Гена перебирал пластинки и книги, и мало-помалу его охватывала робость. Кто они были, эти Малер, и Барток, и Шонберг, и Виотти, и Лютославский, во что они верили, что хотели сказать своей музыкой? Таня, вероятно, понимала это, когда слушала их вечерами в убогом университетском бараке (Боже, с каким презрением озирался бы здесь Юра Чухин, а ты сам, ты-то другой, что ты сам ценишь в жизни?). Целые полки книг по философии – Платон, и Кант, и Кьеркегор, книги про дзен-буддизм и даосизм, книги о религиях мира, о бесконечных плутаниях человечества в лабиринте мысли и веры: Боже, среди каких недоумков живет он, Гена, в Москве, в редакции, в Домжуре, каким они довольствуются убогим набором истин! Он вспомнил Ларису с ее «районкой», ее задумками и усмехнулся – нет, она, конечно, не была жучка, но все равно она была шавка…
Гена подошел к занавешенному окну и отодвинул штору: напротив, в тесной комнате бродило, готовясь отойти ко сну, многочисленное полураздетое семейство. Сейчас они улягутся в этой комнате, все шесть, семь, восемь – сколько же их? – человек и будут храпеть, дышать, стонать, зачинать новые жизни в полуметровой близости друг от друга. А может, они все же счастливы здесь? И разве ему самому долгожданная квартира в Москве принесла счастье? Он вспомнил, как недавно сказал Сашке корреспондент из ЮПИ:
– Вы счастливые люди. Вы даже не знаете, как вы херово живете.
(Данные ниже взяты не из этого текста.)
(* Let $G=\mathbb Z$ with the discrete topology, $Y=(0,\infty)\subset\mathbb R$, and let $\theta$ be the partial action of $\mathbb Z$ on $Y$ with $Y_n=(\max\{0,n\},\infty)$ and $\theta_n\colon Y_{-n}\to Y_n$, $y\mapsto n+y$. Then the enveloping space $Y_G$ of $\theta$ is $G$-homeomorphic to $\mathbb R$ endowed with the global action $\mathbb Z\times\mathbb R\to\mathbb R$, $(n,t)\mapsto n+t$.
   Context: The enveloping space is $Y_G=(G\times Y)/R$ with the quotient topology, where $(n,y)R(m,z)$ iff $y\in Y_{m-n}$ and $\theta_{n-m}(y)=z$, with the global action $k\cdot[n,y]=[k+n,y]$. A $G$-homeomorphism is a homeomorphism $f$ with $f(k\cdot x)=k\cdot f(x)$ for all $k,x$. *)

theory Defs
  imports "HOL-Analysis.Analysis"
begin

definition quotient_topology :: "'a topology \<Rightarrow> ('a \<Rightarrow> 'b) \<Rightarrow> 'b topology" where
  "quotient_topology X p =
     topology (\<lambda>U. U \<subseteq> p ` topspace X \<and> openin X {x \<in> topspace X. p x \<in> U})"

text \<open>General enveloping space of a partial action of Z: Y the space (with topology TY),
  Yd n the domain Y_n, th n the map theta_n : Y_(-n) -> Y_n.\<close>

definition env_rel :: "(int \<Rightarrow> 'y set) \<Rightarrow> (int \<Rightarrow> 'y \<Rightarrow> 'y) \<Rightarrow> ((int \<times> 'y) \<times> (int \<times> 'y)) set" where
  "env_rel Yd th = {((n, y), (m, z)). y \<in> Yd (m - n) \<and> th (n - m) y = z}"

definition env_class :: "(int \<Rightarrow> 'y set) \<Rightarrow> (int \<Rightarrow> 'y \<Rightarrow> 'y) \<Rightarrow> int \<times> 'y \<Rightarrow> (int \<times> 'y) set" where
  "env_class Yd th p = env_rel Yd th `` {p}"

definition env_space :: "'y topology \<Rightarrow> (int \<Rightarrow> 'y set) \<Rightarrow> (int \<Rightarrow> 'y \<Rightarrow> 'y) \<Rightarrow> (int \<times> 'y) set topology" where
  "env_space TY Yd th = quotient_topology (prod_topology (discrete_topology UNIV) TY) (env_class Yd th)"

definition env_act :: "int \<Rightarrow> (int \<times> 'y) set \<Rightarrow> (int \<times> 'y) set" where
  "env_act k c = (\<lambda>(n, y). (k + n, y)) ` c"

definition Yex :: "real set" where "Yex = {0<..}"
definition Yex_dom :: "int \<Rightarrow> real set" where "Yex_dom n = {max 0 (real_of_int n)<..}"
definition thex :: "int \<Rightarrow> real \<Rightarrow> real" where "thex n y = real_of_int n + y"

end

theory Submission
  imports Defs
begin

text \<open>The class of (n, y) in the enveloping space is the set of all (m, n + y - m) with
  m < n + y, so it is determined by n + y. Hence (n, y) \<mapsto> n + y, which is continuous,
  open and onto \<real>, induces a homeomorphism of the quotient with \<real>; it intertwines the
  global action because shifting n by k shifts n + y by k.\<close>

lemma istopology_quotient:
  "istopology (\<lambda>U. U \<subseteq> p ` topspace X \<and> openin X {x \<in> topspace X. p x \<in> U})"
  unfolding istopology_def
proof (rule conjI; intro allI impI)
  fix S T
  assume "S \<subseteq> p ` topspace X \<and> openin X {x \<in> topspace X. p x \<in> S}"
    and "T \<subseteq> p ` topspace X \<and> openin X {x \<in> topspace X. p x \<in> T}"
  moreover have "{x \<in> topspace X. p x \<in> S \<inter> T} =
      {x \<in> topspace X. p x \<in> S} \<inter> {x \<in> topspace X. p x \<in> T}"
    by auto
  ultimately show "S \<inter> T \<subseteq> p ` topspace X \<and> openin X {x \<in> topspace X. p x \<in> S \<inter> T}"
    by auto
next
  fix K
  assume K: "\<forall>U\<in>K. U \<subseteq> p ` topspace X \<and> openin X {x \<in> topspace X. p x \<in> U}"
  have "{x \<in> topspace X. p x \<in> \<Union>K} = (\<Union>U\<in>K. {x \<in> topspace X. p x \<in> U})"
    by auto
  moreover have "openin X (\<Union>U\<in>K. {x \<in> topspace X. p x \<in> U})"
    using K by (intro openin_Union) auto
  ultimately show "\<Union>K \<subseteq> p ` topspace X \<and> openin X {x \<in> topspace X. p x \<in> \<Union>K}"
    using K by auto
qed

lemma openin_quotient_topology:
  "openin (quotient_topology X p) U \<longleftrightarrow>
     U \<subseteq> p ` topspace X \<and> openin X {x \<in> topspace X. p x \<in> U}"
  unfolding quotient_topology_def by (simp add: istopology_quotient)

lemma topspace_quotient_topology: "topspace (quotient_topology X p) = p ` topspace X"
proof -
  have "{x \<in> topspace X. p x \<in> p ` topspace X} = topspace X"
    by auto
  then have "openin (quotient_topology X p) (p ` topspace X)"
    unfolding openin_quotient_topology by simp
  then show ?thesis
    unfolding topspace_def openin_quotient_topology by blast
qed

lemma homeomorphic_map_quotient_topologyE:
  assumes cont: "continuous_map X Z g" and open_g: "open_map X Z g"
    and onto: "g ` topspace X = topspace Z"
    and fibres: "\<And>x x'. \<lbrakk>x \<in> topspace X; x' \<in> topspace X\<rbrakk> \<Longrightarrow> p x = p x' \<longleftrightarrow> g x = g x'"
  obtains f where "homeomorphic_map (quotient_topology X p) Z f"
    and "\<And>x. x \<in> topspace X \<Longrightarrow> f (p x) = g x"
proof
  let ?Q = "quotient_topology X p"
  define f where "f c = g (SOME x. x \<in> topspace X \<and> p x = c)" for c
  show f_p: "f (p x) = g x" if "x \<in> topspace X" for x
  proof -
    have "(SOME x'. x' \<in> topspace X \<and> p x' = p x) \<in> topspace X \<and>
        p (SOME x'. x' \<in> topspace X \<and> p x' = p x) = p x"
      by (rule someI[where x = x]) (simp add: that)
    then show ?thesis
      unfolding f_def using fibres that by blast
  qed
  have preimage: "{x \<in> topspace X. p x \<in> {c \<in> topspace ?Q. f c \<in> U}} = {x \<in> topspace X. g x \<in> U}"
    for U
    using fibres by (auto simp: topspace_quotient_topology f_p)
  show "homeomorphic_map ?Q Z f"
  proof (rule bijective_open_imp_homeomorphic_map)
    show "continuous_map ?Q Z f"
      unfolding continuous_map_def
    proof (intro conjI allI impI)
      show "f \<in> topspace ?Q \<rightarrow> topspace Z"
        using onto by (auto simp: topspace_quotient_topology f_p)
      fix U assume "openin Z U"
      then show "openin ?Q {c \<in> topspace ?Q. f c \<in> U}"
        using cont unfolding openin_quotient_topology preimage continuous_map_def
        by (auto simp: topspace_quotient_topology)
    qed
    show "open_map ?Q Z f"
      unfolding open_map_def
    proof (intro allI impI)
      fix U assume "openin ?Q U"
      then have "U \<subseteq> p ` topspace X" and "openin X {x \<in> topspace X. p x \<in> U}"
        unfolding openin_quotient_topology by auto
      moreover have "f ` U = g ` {x \<in> topspace X. p x \<in> U}"
      proof -
        have "U = p ` {x \<in> topspace X. p x \<in> U}"
          using \<open>U \<subseteq> p ` topspace X\<close> by blast
        then have "f ` U = (\<lambda>x. f (p x)) ` {x \<in> topspace X. p x \<in> U}"
          by (metis image_image)
        then show ?thesis
          by (simp add: f_p)
      qed
      ultimately show "openin Z (f ` U)"
        using open_g by (simp add: open_map_def)
    qed
    show "f ` topspace ?Q = topspace Z"
      using onto by (simp add: topspace_quotient_topology image_image f_p cong: image_cong)
    show "inj_on f (topspace ?Q)"
      by (auto simp: inj_on_def topspace_quotient_topology f_p fibres)
  qed
qed

lemma open_map_prod_discrete_topology:
  assumes "\<And>i. i \<in> I \<Longrightarrow> open_map Y Z (\<lambda>y. g (i, y))"
  shows "open_map (prod_topology (discrete_topology I) Y) Z g"
  unfolding open_map_def
proof (intro allI impI)
  fix W assume W: "openin (prod_topology (discrete_topology I) Y) W"
  define slice where "slice i = {y \<in> topspace Y. (i, y) \<in> W}" for i
  have "openin Y (slice i)" if "i \<in> I" for i
  proof -
    have "continuous_map Y (prod_topology (discrete_topology I) Y) (\<lambda>y. (i, y))"
      using that by (intro continuous_map_pairedI) auto
    then show ?thesis
      using W unfolding slice_def continuous_map_def by blast
  qed
  then have "openin Z (\<Union>i\<in>I. (\<lambda>y. g (i, y)) ` slice i)"
    using assms by (auto simp: open_map_def)
  moreover have "g ` W = (\<Union>i\<in>I. (\<lambda>y. g (i, y)) ` slice i)"
    using openin_subset[OF W] by (force simp: slice_def)
  ultimately show "openin Z (g ` W)"
    by simp
qed

lemma mem_env_class: "(m, z) \<in> env_class Yd th (n, y) \<longleftrightarrow> y \<in> Yd (m - n) \<and> th (n - m) y = z"
  by (simp add: env_class_def env_rel_def)

lemma mem_env_act: "(m, z) \<in> env_act k c \<longleftrightarrow> (m - k, z) \<in> c"
  unfolding env_act_def by force

lemma env_act_env_class: "env_act k (env_class Yd th (n, y)) = env_class Yd th (k + n, y)"
  by (auto simp: mem_env_act mem_env_class algebra_simps)

lemma topspace_env_space: "topspace (env_space TY Yd th) = env_class Yd th ` (UNIV \<times> topspace TY)"
  by (simp add: env_space_def topspace_quotient_topology)

lemma env_class_Yex:
  fixes y :: real
  assumes "y > 0"
  shows "env_class Yex_dom thex (n, y) =
    {(m, z). real_of_int m < real_of_int n + y \<and> z = real_of_int n + y - real_of_int m}"
  using assms unfolding env_class_def env_rel_def Yex_dom_def thex_def
  by (auto simp: max_def split: if_splits)

lemma env_class_Yex_eq_iff:
  fixes y y' :: real
  assumes "y > 0" and "y' > 0"
  shows "env_class Yex_dom thex (n, y) = env_class Yex_dom thex (n', y') \<longleftrightarrow>
    real_of_int n + y = real_of_int n' + y'"
proof
  assume eq: "env_class Yex_dom thex (n, y) = env_class Yex_dom thex (n', y')"
  have "(n, y) \<in> env_class Yex_dom thex (n', y')"
    using assms(1) unfolding eq[symmetric] by (simp add: mem_env_class Yex_dom_def thex_def)
  then show "real_of_int n + y = real_of_int n' + y'"
    by (simp add: mem_env_class thex_def)
next
  assume "real_of_int n + y = real_of_int n' + y'"
  then show "env_class Yex_dom thex (n, y) = env_class Yex_dom thex (n', y')"
    unfolding env_class_Yex[OF assms(1)] env_class_Yex[OF assms(2)] by simp
qed

lemma continuous_map_of_int_add:
  "continuous_map (prod_topology (discrete_topology I) (subtopology euclideanreal S))
     euclideanreal (\<lambda>(n, y). real_of_int n + y)"
proof -
  have "continuous_map (prod_topology (discrete_topology I) (subtopology euclideanreal S))
      euclideanreal (\<lambda>x. real_of_int (fst x) + snd x)"
    by (intro continuous_map_add continuous_map_compose[OF continuous_map_fst, unfolded o_def]
        continuous_map_compose[OF continuous_map_snd, unfolded o_def] continuous_map_from_subtopology)
      auto
  then show ?thesis
    by (simp add: case_prod_unfold)
qed

lemma open_map_translation_open_subtopology:
  fixes a :: "'a::real_normed_vector"
  assumes "open S"
  shows "open_map (top_of_set S) euclidean (\<lambda>y. a + y)"
  unfolding open_map_def
proof (intro allI impI)
  fix U assume "openin (top_of_set S) U"
  then have "open U"
    using assms by (rule openin_open_trans)
  then show "openin euclidean ((\<lambda>y. a + y) ` U)"
    by (simp add: open_translation)
qed

lemma Yex_sum_surjective: "(\<lambda>(n, y). real_of_int n + y) ` (UNIV \<times> Yex) = UNIV"
proof -
  have "t \<in> (\<lambda>(n, y). real_of_int n + y) ` (UNIV \<times> Yex)" for t
  proof -
    have "(\<lceil>t\<rceil> - 1, t - real_of_int (\<lceil>t\<rceil> - 1)) \<in> UNIV \<times> Yex"
      by (simp add: Yex_def) linarith
    then show ?thesis
      by (rule rev_image_eqI) simp
  qed
  then show ?thesis
    by blast
qed

theorem proposition3p12:
  shows "\<exists>f. homeomorphic_map (env_space (subtopology euclideanreal Yex) Yex_dom thex) euclideanreal f \<and>
     (\<forall>k x. x \<in> topspace (env_space (subtopology euclideanreal Yex) Yex_dom thex) \<longrightarrow>
        f (env_act k x) = real_of_int k + f x)"
proof -
  let ?X = "prod_topology (discrete_topology UNIV) (subtopology euclideanreal Yex)"
  have open_sum: "open_map ?X euclideanreal (\<lambda>(n, y). real_of_int n + y)"
    by (rule open_map_prod_discrete_topology) (simp add: open_map_translation_open_subtopology Yex_def)
  obtain f where homeo: "homeomorphic_map (quotient_topology ?X (env_class Yex_dom thex)) euclideanreal f"
    and f_class: "\<And>n y. (n, y) \<in> topspace ?X \<Longrightarrow> f (env_class Yex_dom thex (n, y)) = real_of_int n + y"
  proof (rule homeomorphic_map_quotient_topologyE[where p = "env_class Yex_dom thex",
        OF continuous_map_of_int_add open_sum])
    show "(\<lambda>(n, y). real_of_int n + y) ` topspace ?X = topspace euclideanreal"
      using Yex_sum_surjective by simp
    show "env_class Yex_dom thex x = env_class Yex_dom thex x' \<longleftrightarrow>
        (\<lambda>(n, y). real_of_int n + y) x = (\<lambda>(n, y). real_of_int n + y) x'"
      if "x \<in> topspace ?X" and "x' \<in> topspace ?X" for x x'
      using that by (cases x; cases x') (simp add: Yex_def env_class_Yex_eq_iff)
  qed (simp add: Yex_def)
  have "f (env_act k x) = real_of_int k + f x"
    if "x \<in> topspace (env_space (subtopology euclideanreal Yex) Yex_dom thex)" for k x
  proof -
    from that obtain n y where "(n, y) \<in> topspace ?X" and "x = env_class Yex_dom thex (n, y)"
      by (auto simp: topspace_env_space)
    then show ?thesis
      by (simp add: env_act_env_class f_class)
  qed
  with homeo show ?thesis
    unfolding env_space_def by blast
qed

end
Сашке очень понравилась эта фраза, он повторял ее много раз в подпитии, но только впервые сегодня Гена подумал, что, может, это действительно счастье: не иметь ничего для сравнения и быть довольным своей участью. А он, тот гордый поц из ЮПИ, он что, так уж доволен собой и своей жизнью, мудила? И что, если сравнить его суетливую жизнь с настоящей, некорреспондентской и нежурналистской – с нехамской жизнью? Но может, он все-таки знает кое-что о себе, и тогда понятна его зависть. А эта Таня? Счастлива ли она в своей библиотеке между полками Никитенко и Жуковского, потом в этом полубараке на окраине холодного города? Не похожа она что-то на счастливую, хотя держится с достоинством. Есть же у нее, наверное, какие-то свои женские дела…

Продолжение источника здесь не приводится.